Dopo la vittoria per 2-0 contro la Sampdoria, comunque, Gian Piero Gasperini è stato categorico: «Lo scudetto è della Juve, qualsiasi risultato accada sabato». Parlando degli obiettivi della sua squadra è però rimasto ambizioso, dichiarando di puntare al secondo posto, un traguardo impensabile fino a poco tempo fa: «La matematica certezza di essere nella zona Champions è il primo grandissimo obiettivo, dopo cercheremo se possibile di arrivare davanti all’Inter e alla Lazio, visto che il distacco adesso è veramente minimo».

 

Un primo passo è già stato fatto. Dopo il pareggio dell’Inter a Verona la squadra di Gasperini è salita al terzo posto, a due punti dalla Lazio. La partita con la Samp ha oltretutto restituito all’Atalanta il tridente formato da Gómez, Ilicic e Zapata, in campo insieme per la prima volta dalla ripresa del campionato. A dare la vittoria sono stati comunque due calci d’angolo battuti da Malinovskyi, subentrato a Ilicic a venti minuti dalla fine. Con il primo il trequartista ucraino ha servito l’assist per il gol di testa di Tolói, nel secondo la palla è finita fuori area sui piedi di Muriel, che ha segnato calciando a incrociare alla sua sinistra. È stato il decimo gol da subentrato per Muriel, che nonostante abbia giocato poco più di 1000 minuti è il miglior marcatore della squadra con 17 gol. La sua media gol (1,4 per 90 minuti) è in assoluto la migliore del campionato tra i giocatori con almeno 1000 minuti in campo.

 

La Samp era l’unica squadra a cui l’Atalanta non aveva ancora segnato e Gasperini la temeva: «Era una partita difficilissima, la Sampdoria è una squadra molto difficile da affrontare.
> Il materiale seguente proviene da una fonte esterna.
definition z_part :: "nat multiset \<Rightarrow> nat" where
  "z_part lam = (\<Prod>i\<in>set_mset lam. i ^ count lam i * fact (count lam i))"

definition Q :: "nat \<Rightarrow> sym" where
  "Q n = (\<lambda>lam. if is_partition lam n
              then inverse (alpha ^ size lam) * inverse (of_nat (z_part lam)) else 0)"

end

theory Submission
  imports Defs
begin

text \<open>Write \<open>m\<^sub>k\<close> for the multiplicity of \<open>k\<close> in a partition \<open>\<mu>\<close> and \<open>S = \<Sum>\<^sub>k k\<^sup>2 m\<^sub>k\<close>.
  Each of the three terms of \<open>D(\<alpha>)\<close> is diagonal on \<open>Q\<^sub>n(\<alpha>)\<close>, because removing a part \<open>k\<close>
  from \<open>\<lambda>\<close> multiplies the coefficient \<open>\<alpha>\<^sup>-\<^sup>l\<^sup>(\<^sup>\<lambda>\<^sup>) z\<^sub>\<lambda>\<^sup>-\<^sup>1\<close> by \<open>\<alpha> k m\<^sub>k(\<lambda>)\<close>.
  At \<open>p\<^sub>\<mu>\<close> the first term thus multiplies the coefficient by \<open>\<alpha>\<^sup>2 i j m\<^sub>i (m\<^sub>j - \<delta>\<^sub>i\<^sub>j)\<close>, the
  second by \<open>\<alpha> (i + j) m\<^sub>i\<^sub>+\<^sub>j\<close> and the third by \<open>\<alpha>(\<alpha> - 1) k\<^sup>2 m\<^sub>k\<close>. Summed over \<open>i, j, k\<close> these
  factors are \<open>\<alpha>\<^sup>2 (n\<^sup>2 - S)\<close>, \<open>\<alpha> (S - n)\<close> and \<open>\<alpha>(\<alpha> - 1) S\<close>, whose total \<open>\<alpha>\<^sup>2 n\<^sup>2 - \<alpha> n\<close> does
  not depend on \<open>\<mu>\<close>.\<close>

lemma sum_mset_subtractf:
  fixes f g :: "'a \<Rightarrow> 'b::ab_group_add"
  shows "(\<Sum>x\<in>#M. f x - g x) = (\<Sum>x\<in>#M. f x) - (\<Sum>x\<in>#M. g x)"
  by (induction M) (simp_all add: algebra_simps)

lemma sum_set_mset_count_mult:
  fixes f :: "'a \<Rightarrow> 'b::comm_semiring_1"
  shows "(\<Sum>x\<in>set_mset M. of_nat (count M x) * f x) = (\<Sum>x\<in>#M. f x)"
proof (induction M)
  case empty
  then show ?case by simp
next
  case (add y M)
  have "(\<Sum>x\<in>set_mset (add_mset y M). of_nat (count (add_mset y M) x) * f x)
      = (\<Sum>x\<in>insert y (set_mset M). of_nat (count M x) * f x + (if x = y then f x else 0))"
    by (rule sum.cong) (auto simp: algebra_simps)
  also have "\<dots> = (\<Sum>x\<in>insert y (set_mset M). of_nat (count M x) * f x) + f y"
    by (simp add: sum.distrib)
  also have "(\<Sum>x\<in>insert y (set_mset M). of_nat (count M x) * f x)
      = (\<Sum>x\<in>set_mset M. of_nat (count M x) * f x)"
    by (cases "y \<in># M") (auto simp: insert_absorb not_in_iff)
  finally show ?case
    using add by (simp add: add.commute)
qed

lemma Sum_any_count_mult:
  fixes f :: "'a \<Rightarrow> 'b::comm_semiring_1"
  shows "(\<Sum>x. of_nat (count M x) * f x) = (\<Sum>x\<in>#M. f x)"
proof -
  have "{x. of_nat (count M x) * f x \<noteq> 0} \<subseteq> set_mset M"
    by (auto intro: ccontr simp: not_in_iff)
  then show ?thesis
    by (simp add: Sum_any.expand_superset [of "set_mset M"] sum_set_mset_count_mult)
qed

lemma Sum_any_mult_left:
  fixes f :: "'a \<Rightarrow> 'b::{semiring_0, semiring_no_zero_divisors}"
  shows "(\<Sum>x. c * f x) = c * Sum_any f"
proof (cases "c = 0")
  case False
  then have "{x. c * f x \<noteq> 0} = {x. f x \<noteq> 0}"
    by auto
  then show ?thesis
    by (cases "finite {x. f x \<noteq> 0}")
      (simp_all add: Sum_any_right_distrib Sum_any.expand_set sum_distrib_left)
qed simp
È venuta qui chiusissima, con dei giocatori molto fisici e pronti a ripartire». Poi ha aggiunto una considerazione che sottolinea un aspetto spesso trascurato del gioco dell’Atalanta, forse il più riconoscibile e originale del campionato, ma capace allo stesso tempo di trovare sempre nuovi accorgimenti per adattarsi agli avversari: «Questo tipo di partite corri il rischio di giocarle un po’ col fioretto e, quindi, di favorire una squadra che poteva vincere molti contrasti e ripartire. Invece anche noi ci siamo adattati al loro gioco, l’abbiamo fatto con forza e intensità e nel secondo tempo siamo venuti fuori molto bene».

 

Forse proprio immaginando la strategia difensiva della Samp, Gasperini ha abbassato i centrocampisti centrali (Pasalic e Freuler) sulla linea difensiva durante la prima costruzione, negli spazi liberati dai movimenti ad allargarsi dei difensori centrali di fascia (Tolói a destra e Djimsiti a sinistra). Probabilmente era un modo per attirare il pressing della Samp e allungarne lo schieramento, chiamando l’uscita in avanti delle coppie formate dalle mezzali (che si alzavano su Freuler e Pasalic) e dagli esterni (che invece pressavano Tolói e Djimsiti). La risalita del campo era poi più diretta del solito: una volta attirate in avanti le prime linee della Samp, l’Atalanta faceva spesso uscire la palla con lanci verso Zapata.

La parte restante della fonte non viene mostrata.